Find all lines in the records that include the word "moreover", and copy them out.

*** Opening Records provided ***

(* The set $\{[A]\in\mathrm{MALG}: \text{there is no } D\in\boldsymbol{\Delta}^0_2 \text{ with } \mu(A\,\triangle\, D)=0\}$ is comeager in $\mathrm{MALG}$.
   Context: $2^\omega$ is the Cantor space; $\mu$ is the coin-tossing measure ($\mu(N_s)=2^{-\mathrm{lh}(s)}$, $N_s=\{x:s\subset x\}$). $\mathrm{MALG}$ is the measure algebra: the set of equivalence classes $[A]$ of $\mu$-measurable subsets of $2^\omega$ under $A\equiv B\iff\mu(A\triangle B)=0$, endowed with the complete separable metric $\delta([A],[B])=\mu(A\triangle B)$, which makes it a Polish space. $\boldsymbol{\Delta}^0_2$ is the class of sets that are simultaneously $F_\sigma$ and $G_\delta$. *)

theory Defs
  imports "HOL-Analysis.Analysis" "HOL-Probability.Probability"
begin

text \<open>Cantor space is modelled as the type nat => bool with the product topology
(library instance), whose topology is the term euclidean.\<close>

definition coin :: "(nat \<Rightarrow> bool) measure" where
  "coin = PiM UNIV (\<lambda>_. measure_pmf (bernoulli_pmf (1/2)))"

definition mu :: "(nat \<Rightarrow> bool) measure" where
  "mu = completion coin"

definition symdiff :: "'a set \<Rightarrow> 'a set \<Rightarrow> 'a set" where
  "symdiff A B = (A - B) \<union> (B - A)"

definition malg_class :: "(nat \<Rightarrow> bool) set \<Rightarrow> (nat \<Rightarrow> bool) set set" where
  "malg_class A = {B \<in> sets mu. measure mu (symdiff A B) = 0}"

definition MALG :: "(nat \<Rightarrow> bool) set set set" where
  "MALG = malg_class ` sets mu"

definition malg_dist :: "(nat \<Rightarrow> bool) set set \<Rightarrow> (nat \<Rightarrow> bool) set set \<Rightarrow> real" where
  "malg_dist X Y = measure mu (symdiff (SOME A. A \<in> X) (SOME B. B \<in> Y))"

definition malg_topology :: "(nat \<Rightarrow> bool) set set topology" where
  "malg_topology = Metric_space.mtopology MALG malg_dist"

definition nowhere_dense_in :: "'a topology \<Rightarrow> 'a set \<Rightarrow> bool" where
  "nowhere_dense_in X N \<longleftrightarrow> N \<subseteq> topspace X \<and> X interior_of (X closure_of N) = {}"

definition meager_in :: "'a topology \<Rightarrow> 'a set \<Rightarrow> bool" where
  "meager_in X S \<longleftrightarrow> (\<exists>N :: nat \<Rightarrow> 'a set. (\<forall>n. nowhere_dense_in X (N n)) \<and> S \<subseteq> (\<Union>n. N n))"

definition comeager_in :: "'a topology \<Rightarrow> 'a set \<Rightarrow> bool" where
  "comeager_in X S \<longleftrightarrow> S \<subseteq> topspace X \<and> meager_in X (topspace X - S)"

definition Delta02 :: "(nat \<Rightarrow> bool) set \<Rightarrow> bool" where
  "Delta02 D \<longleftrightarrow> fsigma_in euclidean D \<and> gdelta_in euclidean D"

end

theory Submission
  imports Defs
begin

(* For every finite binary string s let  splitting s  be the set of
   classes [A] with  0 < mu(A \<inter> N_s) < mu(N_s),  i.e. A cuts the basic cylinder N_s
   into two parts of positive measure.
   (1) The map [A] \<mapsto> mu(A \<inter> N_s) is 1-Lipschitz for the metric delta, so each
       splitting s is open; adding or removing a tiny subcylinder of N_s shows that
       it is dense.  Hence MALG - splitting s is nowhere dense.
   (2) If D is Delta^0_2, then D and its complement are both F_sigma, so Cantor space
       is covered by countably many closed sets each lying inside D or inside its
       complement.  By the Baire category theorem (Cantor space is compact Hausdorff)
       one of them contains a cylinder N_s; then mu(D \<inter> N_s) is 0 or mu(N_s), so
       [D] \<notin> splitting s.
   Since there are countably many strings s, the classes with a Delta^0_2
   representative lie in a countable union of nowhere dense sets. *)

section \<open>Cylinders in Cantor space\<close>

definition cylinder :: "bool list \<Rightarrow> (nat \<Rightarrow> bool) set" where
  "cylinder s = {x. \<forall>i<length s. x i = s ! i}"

*** Closing Records provided ***
*** Opening Records provided ***

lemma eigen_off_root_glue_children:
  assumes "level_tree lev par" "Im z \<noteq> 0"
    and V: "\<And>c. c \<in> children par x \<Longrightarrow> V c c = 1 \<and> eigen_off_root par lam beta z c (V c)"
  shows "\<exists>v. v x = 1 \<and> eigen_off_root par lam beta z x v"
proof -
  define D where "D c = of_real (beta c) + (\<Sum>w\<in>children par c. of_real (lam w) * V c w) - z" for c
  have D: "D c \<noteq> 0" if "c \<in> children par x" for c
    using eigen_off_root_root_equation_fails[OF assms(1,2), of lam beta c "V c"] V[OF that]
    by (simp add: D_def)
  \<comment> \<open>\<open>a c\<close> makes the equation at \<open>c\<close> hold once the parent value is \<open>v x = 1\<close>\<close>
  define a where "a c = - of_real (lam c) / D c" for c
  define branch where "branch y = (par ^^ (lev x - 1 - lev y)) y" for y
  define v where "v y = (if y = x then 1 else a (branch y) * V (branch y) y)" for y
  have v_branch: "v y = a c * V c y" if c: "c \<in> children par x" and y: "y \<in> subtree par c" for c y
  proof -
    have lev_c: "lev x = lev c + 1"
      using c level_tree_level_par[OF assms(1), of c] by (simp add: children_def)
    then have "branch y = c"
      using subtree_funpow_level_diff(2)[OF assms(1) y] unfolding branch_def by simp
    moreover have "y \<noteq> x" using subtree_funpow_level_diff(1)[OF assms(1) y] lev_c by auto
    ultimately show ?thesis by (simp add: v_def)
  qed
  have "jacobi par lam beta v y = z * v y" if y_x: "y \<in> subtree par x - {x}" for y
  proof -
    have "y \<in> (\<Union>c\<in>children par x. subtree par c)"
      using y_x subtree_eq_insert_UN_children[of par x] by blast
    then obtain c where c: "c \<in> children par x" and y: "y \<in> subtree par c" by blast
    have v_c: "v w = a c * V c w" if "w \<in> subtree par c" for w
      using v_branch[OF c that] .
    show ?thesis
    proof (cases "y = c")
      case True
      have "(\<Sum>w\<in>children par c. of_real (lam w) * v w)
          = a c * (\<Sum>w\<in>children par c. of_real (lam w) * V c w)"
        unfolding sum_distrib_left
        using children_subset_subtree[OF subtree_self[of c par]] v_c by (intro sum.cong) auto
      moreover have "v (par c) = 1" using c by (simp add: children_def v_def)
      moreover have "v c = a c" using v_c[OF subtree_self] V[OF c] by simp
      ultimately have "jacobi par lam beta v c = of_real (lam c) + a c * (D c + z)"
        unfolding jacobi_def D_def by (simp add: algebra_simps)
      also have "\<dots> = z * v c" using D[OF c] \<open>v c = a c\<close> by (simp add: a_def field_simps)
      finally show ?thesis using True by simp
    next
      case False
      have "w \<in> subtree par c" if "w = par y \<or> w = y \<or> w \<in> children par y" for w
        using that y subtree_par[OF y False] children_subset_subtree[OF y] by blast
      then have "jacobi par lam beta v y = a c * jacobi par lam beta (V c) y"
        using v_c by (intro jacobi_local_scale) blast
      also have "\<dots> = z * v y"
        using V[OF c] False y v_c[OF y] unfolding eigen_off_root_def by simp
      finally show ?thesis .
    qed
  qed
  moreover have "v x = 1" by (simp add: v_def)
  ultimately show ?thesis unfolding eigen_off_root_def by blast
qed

*** Closing Records provided ***

Response to this task:
    moreover have "y \<noteq> x" using subtree_funpow_level_diff(1)[OF assms(1) y] lev_c by auto
      moreover have "v (par c) = 1" using c by (simp add: children_def v_def)
      moreover have "v c = a c" using v_c[OF subtree_self] V[OF c] by simp
  moreover have "v x = 1" by (simp add: v_def)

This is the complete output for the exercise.